Scores were then separated into reproductive and reconstructive question totals.

2.2.1 Reproductive questions

Figure 1 and Table 2 show that the unified and hierarchical groups scored more (0.9857 and 1.002 standard deviations respectively) on the test than the active review group.

Figure 1: Graph of scores on the reproductive questions for each web structure

Document structure

Mean score

Standard deviation

Unified

4.250

2.569

Hierarchical

4.214

2.359

Active review

2.083

0.996




Table 2: Mean scores and standard deviations on the reproductive questions for each web structure

A one-way ANOVA test showed there was a significant difference between groups (F(2,41)=4.24, p=0.022). A post hoc Scheffé test showed there was a significant difference in test score between the unified and active review groups (F(2,41)=3.25, p < .05) and the hierarchical and active review groups (F(2,41)=3.26, p < .05) but not between the unified and hierarchical groups (F(2,41)=-4.05, p > .05).
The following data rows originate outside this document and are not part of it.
lemma empirical_trim_level_close:
  fixes Zs :: "nat \<Rightarrow> (real^'n::finite) \<times> real" and \<theta> \<theta>0 :: "('n, 'g::finite) param"
  assumes "\<theta> \<in> Theta cX ce" "\<theta>0 \<in> nondegenerate_params" "0 \<le> \<alpha>" "\<alpha> < 1" "n > 0"
    and "closed C" "\<forall>z\<in>C. \<bar>mix_density \<theta> z - mix_density \<theta>0 z\<bar> < \<epsilon>" "\<epsilon> > 0"
    and "empirical Zs n (superlevel \<theta>0 (r + \<epsilon>)) + empirical Zs n (- C) < 1 - \<alpha>"
    and "0 < r - \<epsilon> \<Longrightarrow> 1 - \<alpha> \<le> empirical Zs n (superlevel \<theta>0 (r - \<epsilon>)) - empirical Zs n (- C)"
  shows "\<bar>trim_level \<alpha> (empirical Zs n) \<theta> - r\<bar> \<le> 2 * \<epsilon>"
proof -
  obtain u0 where "empirical Zs n (superlevel \<theta> u0) = 0"
    using empirical_superlevel_eq_0 unfolding superlevel_def by blast
  then have "empirical Zs n (superlevel \<theta> u0) < 1 - \<alpha>" using \<open>\<alpha> < 1\<close> by simp
  moreover have "1 - \<alpha> \<le> empirical Zs n (superlevel \<theta> 0)"
    using superlevel_0[OF assms(1)] empirical_UNIV[OF \<open>n > 0\<close>, of Zs] \<open>0 \<le> \<alpha>\<close> by simp
  moreover have "\<theta> \<in> nondegenerate_params"
    using assms(1) Theta_subset_nondegenerate_params by blast
  ultimately show ?thesis
    using assms(2,6-)
    by (intro trim_level_close[where Q = "empirical Zs n" and t = u0])
       (auto intro: empirical_cover simp: empirical_empty)
qed

lemma (in finite_measure) decseq_measure_less:
  assumes "range A \<subseteq> sets M" "decseq A" "(\<Inter>k. A k) = {}" "\<eta> > 0"
  shows "\<exists>k. measure M (A k) < \<eta>"
proof -
  have "(\<lambda>k. measure M (A k)) \<longlonglongrightarrow> 0"
    using finite_Lim_measure_decseq[OF assms(1,2)] assms(3) by simp
  from order_tendstoD(2)[OF this \<open>\<eta> > 0\<close>] show ?thesis
    by (auto simp: eventually_sequentially)
qed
2.2.2 Reconstructive questions

Figure 2 and Table 3 show that the active review group scored more on the test than the unified and hierarchical groups (0.8574 and 0.9889 standard deviations respectively).

Figure 2: Graph of scores on the reconstructive questions for each web structure

Document structure

Mean score

Standard deviation

Unified

2.187

1.974

Hierarchical

1.929

1.940

Active review

3.750

1.422




Table 3: Mean scores and standard deviations on the reconstructive questions for each web structure

A one-way ANOVA test showed there was a significant difference between groups (F(2,41)=3.73, p=0.033). The active review group scored significantly more than the hierarchical group (t(23)=2.75, p=0.0057, one-tailed) and the unified group (t(26)=-2.33, p=0.01415). There was no significant difference, however, between the unified and hierarchical versions (t(27)=-.36, p=0.36, one-tailed).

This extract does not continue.